Morning: strolled around through a serious flea market...
... and strolled on to the Plazoleta de las Esculturas to check out the many fat Fernando Botero sculptures:
Botero is perhaps the most famous citizen of Medellin. His sculptures are in several museums and parks, including the Parque San Antonio, with his Pájaro de Paz (Bird of Peace):
It sits alongside its original version, which was destroyed in a terrorist bomb attack. The damage was done by a nail bomb packed with ten kilos of dynamite, set off under it at a concert in 1995, killing 23 people. The perpetrators may have been the drug cartels. Botero asked that the mangled original be left in place in homage to the victims and as a protest against violence:
The nearby Museo de Antioquia has lots of his sculptures, paintings. and drawings, including his Death of Pablo Escobar.

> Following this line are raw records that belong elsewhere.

(* Let $d\ge 2$ and let $\nu=(\nu_1,\dots,\nu_d)$ be probability distributions on $\mathbb{Z}_+^d$ forming the progeny distribution of a $d$-type branching process $\mathbf Z$ which is irreducible, non-degenerated, and critical or subcritical. For $i\in[d]$ let $O_i$ be the total number of individuals of type $i$ born up to the extinction time $T$, and for $i\neq j$ let $A_{ij}$ be the total number of individuals of type $j$ whose parent is of type $i$, up to time $T$. Then for all integers $r_i,n_i,k_{ij}$, $i,j\in[d]$, such that $r_i\ge 0$, $r_1+\dots+r_d\ge 1$, $k_{ij}\ge 0$ for $i\ne j$, $-k_{jj}=r_j+\sum_{i\ne j}k_{ij}$ for all $j$, and $n_i\ge -k_{ii}$ for all $i$, we have $$\mathbb{P}_{\mathrm r}\Big(O_1=n_1,\dots,O_d=n_d,\ A_{ij}=k_{ij},\ i,j\in[d],\ i\neq j\Big)=\frac{\det(K)}{\bar n_1\bar n_2\cdots\bar n_d}\prod_{i=1}^d\nu_i^{*n_i}\big(k_{i1},\dots,k_{i(i-1)},n_i+k_{ii},k_{i(i+1)},\dots,k_{id}\big),$$ where $\mathrm r=(r_1,\dots,r_d)$, $\nu_i^{*0}=\delta_0$, $\bar n_i=n_i\vee 1$, and $K$ is the matrix $(-k_{ij})_{i,j\in[d]}$ from which the line $i$ and the column $i$ have been removed for every $i$ such that $n_i=0$.
   Context: $[d]=\{1,\dots,d\}$, $\mathbb{Z}_+=\{0,1,2,\dots\}$. A $d$-type branching process with progeny distribution $\nu=(\nu_1,\dots,\nu_d)$ is the $\mathbb{Z}_+^d$-valued Markov chain $\mathbf Z_n=(Z^{(1)}_n,\dots,Z^{(d)}_n)$ with transition probabilities $P(\mathbf Z_{n+1}=\mathrm k\mid \mathbf Z_n=(r_1,\dots,r_d))=\nu_1^{*r_1}*\dots*\nu_d^{*r_d}(\mathrm k)$, where $\nu^{*r}$ is the $r$-fold convolution power ($\nu^{*0}=\delta_0$); $Z^{(i)}_n$ is the number of individuals of type $i$ in generation $n$, each individual of type $i$ independently having a random vector of children (numbers of children of each type) with law $\nu_i$. The process is realized as the genealogical forest of these individuals, so that the type of each individual's parent is defined. $\mathbb{P}_{\mathrm r}$ denotes the law when $\mathbf Z_0=\mathrm r$. The mean matrix is $M=(m_{ij})$ with $m_{ij}=\sum_{\mathbf z\in\mathbb{Z}_+^d} z_j\nu_i(\mathbf z)$; irreducible means $M$ is irreducible, and then its Perron–Frobenius eigenvalue $\rho$ satisfies $\rho\le 1$ (critical: $\rho=1$, subcritical: $\rho<1$). Non-degenerated means it is not the case that every individual has exactly one child almost surely. Under these assumptions the extinction time $T=\inf\{n:\mathbf Z_n=0\}$ is a.s. finite, and $O_i=\sum_{n\ge 0}Z^{(i)}_n$. *)

theory Defs
  imports "HOL-Analysis.Analysis" "HOL-Probability.Probability"
begin

text \<open>Types are indexed by a finite type 'd (so d = CARD('d)); a vector in Z_+^d is a
  function 'd => nat.\<close>

definition conv_pmf :: "('d \<Rightarrow> nat) pmf \<Rightarrow> ('d \<Rightarrow> nat) pmf \<Rightarrow> ('d \<Rightarrow> nat) pmf" where
  "conv_pmf p q = bind_pmf p (\<lambda>x. bind_pmf q (\<lambda>y. return_pmf (\<lambda>j. x j + y j)))"

fun conv_pow :: "('d \<Rightarrow> nat) pmf \<Rightarrow> nat \<Rightarrow> ('d \<Rightarrow> nat) pmf" where
  "conv_pow p 0 = return_pmf (\<lambda>_. 0)"
| "conv_pow p (Suc m) = conv_pmf p (conv_pow p m)"

definition mean_matrix :: "('d \<Rightarrow> ('d \<Rightarrow> nat) pmf) \<Rightarrow> 'd \<Rightarrow> 'd \<Rightarrow> real" where
  "mean_matrix \<nu> i j = measure_pmf.expectation (\<nu> i) (\<lambda>z. real (z j))"

fun mat_pow :: "('d::finite \<Rightarrow> 'd \<Rightarrow> real) \<Rightarrow> nat \<Rightarrow> 'd \<Rightarrow> 'd \<Rightarrow> real" where
  "mat_pow M 0 = (\<lambda>i j. if i = j then 1 else 0)"
| "mat_pow M (Suc m) = (\<lambda>i j. \<Sum>l\<in>UNIV. mat_pow M m i l * M l j)"

definition irreducible_mat :: "('d::finite \<Rightarrow> 'd \<Rightarrow> real) \<Rightarrow> bool" where
  "irreducible_mat M \<longleftrightarrow> (\<forall>i j. \<exists>n>0. mat_pow M n i j > 0)"

text \<open>Spectral radius (= Perron-Frobenius eigenvalue for irreducible nonnegative M)
  is at most c: every complex eigenvalue has modulus at most c.\<close>
definition spectral_radius_le :: "('d::finite \<Rightarrow> 'd \<Rightarrow> real) \<Rightarrow> real \<Rightarrow> bool" where
  "spectral_radius_le M c \<longleftrightarrow>
     (\<forall>(lam::complex) (v::'d \<Rightarrow> complex). v \<noteq> (\<lambda>_. 0) \<and>
        (\<forall>i. (\<Sum>j\<in>UNIV. complex_of_real (M i j) * v j) = lam * v i) \<longrightarrow> cmod lam \<le> c)"

definition degenerate :: "('d::finite \<Rightarrow> ('d \<Rightarrow> nat) pmf) \<Rightarrow> bool" where
  "degenerate \<nu> \<longleftrightarrow> (\<forall>i. \<forall>z\<in>set_pmf (\<nu> i). (\<Sum>j\<in>UNIV. z j) = 1)"

text \<open>State (Z, A): Z = current generation,
  A i j = cumulative number (so far) of type-j individuals born to type-i parents.
  Given Z, the matrix C of children (C i j = type-j children of type-i parents in the next
  generation) has independent rows, row i distributed as nu_i^{*Z_i}.\<close>
definition bp_step :: "('d::finite \<Rightarrow> ('d \<Rightarrow> nat) pmf) \<Rightarrow> ('d \<Rightarrow> nat) \<times> ('d \<Rightarrow> 'd \<Rightarrow> nat)
     \<Rightarrow> (('d \<Rightarrow> nat) \<times> ('d \<Rightarrow> 'd \<Rightarrow> nat)) pmf" where
  "bp_step \<nu> s = map_pmf (\<lambda>C. (\<lambda>j. \<Sum>i\<in>UNIV. C i j, \<lambda>i j. snd s i j + C i j))
      (Pi_pmf UNIV (\<lambda>_. 0) (\<lambda>i. conv_pow (\<nu> i) (fst s i)))"

fun bp_state :: "('d::finite \<Rightarrow> ('d \<Rightarrow> nat) pmf) \<Rightarrow> ('d \<Rightarrow> nat) \<Rightarrow> nat
     \<Rightarrow> (('d \<Rightarrow> nat) \<times> ('d \<Rightarrow> 'd \<Rightarrow> nat)) pmf" where
  "bp_state \<nu> r 0 = return_pmf (r, \<lambda>_ _. 0)"
| "bp_state \<nu> r (Suc N) = bind_pmf (bp_state \<nu> r N) (bp_step \<nu>)"
definition germ_eq :: "triple \<Rightarrow> iword \<Rightarrow> triple \<Rightarrow> iword \<Rightarrow> bool" where
  "germ_eq s w s' w' =
     (case s of (\<eta>, g, \<mu>) \<Rightarrow> case s' of (\<eta>', g', \<mu>') \<Rightarrow>
       w = w' \<and>
       (\<exists>k \<epsilon> \<epsilon>'. ipref k w = \<mu> @ \<epsilon> \<and> ipref k w = \<mu>' @ \<epsilon>' \<and>
          \<eta> @ g \<epsilon> = \<eta>' @ g' \<epsilon>' \<and> restr g \<epsilon> = restr g' \<epsilon>'))"

text \<open>The germ [s,w], represented as its equivalence class of pairs (s',w').\<close>
definition germ :: "nat \<Rightarrow> 'f::field \<Rightarrow> triple \<Rightarrow> iword \<Rightarrow> (triple \<times> iword) set" where
  "germ n \<alpha> s w = {(s', w'). valid_triple n \<alpha> s' \<and> w' \<in> cyl (snd (snd s')) \<and> germ_eq s w s' w'}"

definition Theta :: "nat \<Rightarrow> 'f::field \<Rightarrow> triple \<Rightarrow> iword set \<Rightarrow> (triple \<times> iword) set set" where
  "Theta n \<alpha> s U = {germ n \<alpha> s w | w. w \<in> U}"

definition Um :: "nat \<Rightarrow> 'f::field \<Rightarrow> nat \<Rightarrow> aut \<Rightarrow> (triple \<times> iword) set set" where
  "Um n \<alpha> m g = Theta n \<alpha> ([], g, []) (cyl (ones m))"

definition N0 :: "nat \<Rightarrow> 'f::field \<Rightarrow> aut set" where
  "N0 n \<alpha> = range (iota n \<alpha>)"

definition HH :: "nat \<Rightarrow> 'f::field \<Rightarrow> nat \<Rightarrow> aut set" where
  "HH n \<alpha> j = iota n \<alpha> ` {\<beta>. tr n (\<alpha> ^ j * \<beta>) = 0}"

definition MK :: "nat \<Rightarrow> 'f::field \<Rightarrow> nat \<Rightarrow> aut set \<Rightarrow> (triple \<times> iword) set set" where
  "MK n \<alpha> m K = (\<Inter>g\<in>K. Um n \<alpha> m g) - (\<Union>h\<in>N0 n \<alpha> - K. Um n \<alpha> m h)"

end

theory Submission
  imports Defs "HOL-Computational_Algebra.Primes" "HOL-Computational_Algebra.Polynomial"
begin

Pablo Escobar Gaviria – the most famous of Colombia’s cocaine barons. A high-school dropout from a relatively middle-class background, Escobar began his career stealing marble gravestones, which he then sanded down and resold. He gained a foothold in the cocaine trade as the drug took off in US popularity in the mid-1970s. By 1982, he had a well-established smuggling operation, just in time for the huge boost in the market caused by the rise of crack. By the mid-1980s, Colombia was shipping 70–80 tons of powder to the US every month, and eighty percent of the trade was in the hands of Escobar’s Medellín Cartel. He was shot in 1993, on a rooftop in Medellin, as depicted by Boltero’s painting above.
I feel uncomfortable bringing up this sad period in Colombia’s history - sad for my country, too. But it is an important part of our two country’s pasts, and we must not forget it.
Since Escobar’s death, a couple of tours sprang up taking tourists around the city to various Escobar-associated sights. You got to see the building he lived in, apartment blocks he had built, the rooftop on which he was shot, and, finally, his gravestone. I did not go on any tour.
Another floor of the Museo de Antioquia had some very fine pre-Hispanic pieces, which I really love, they are so imaginative (and sometimes even amusing):
In the Parque Berrío, the Monumento a la Raza is Rodrigo Arenas Betancur's most impressive work. It tells the story of Antioquia in dramatically twisting metal (I couldn’t fit it all in one photo).
I liked the originality of the Catedral Metropolitana at the northern end of Parque Bolívar, the largest church in the world that’s built entirely of bricks – 1.12 million (You can trust me - I counted them).
A break for coffee at Salon Malaga, a tango and bolero bar before heading home.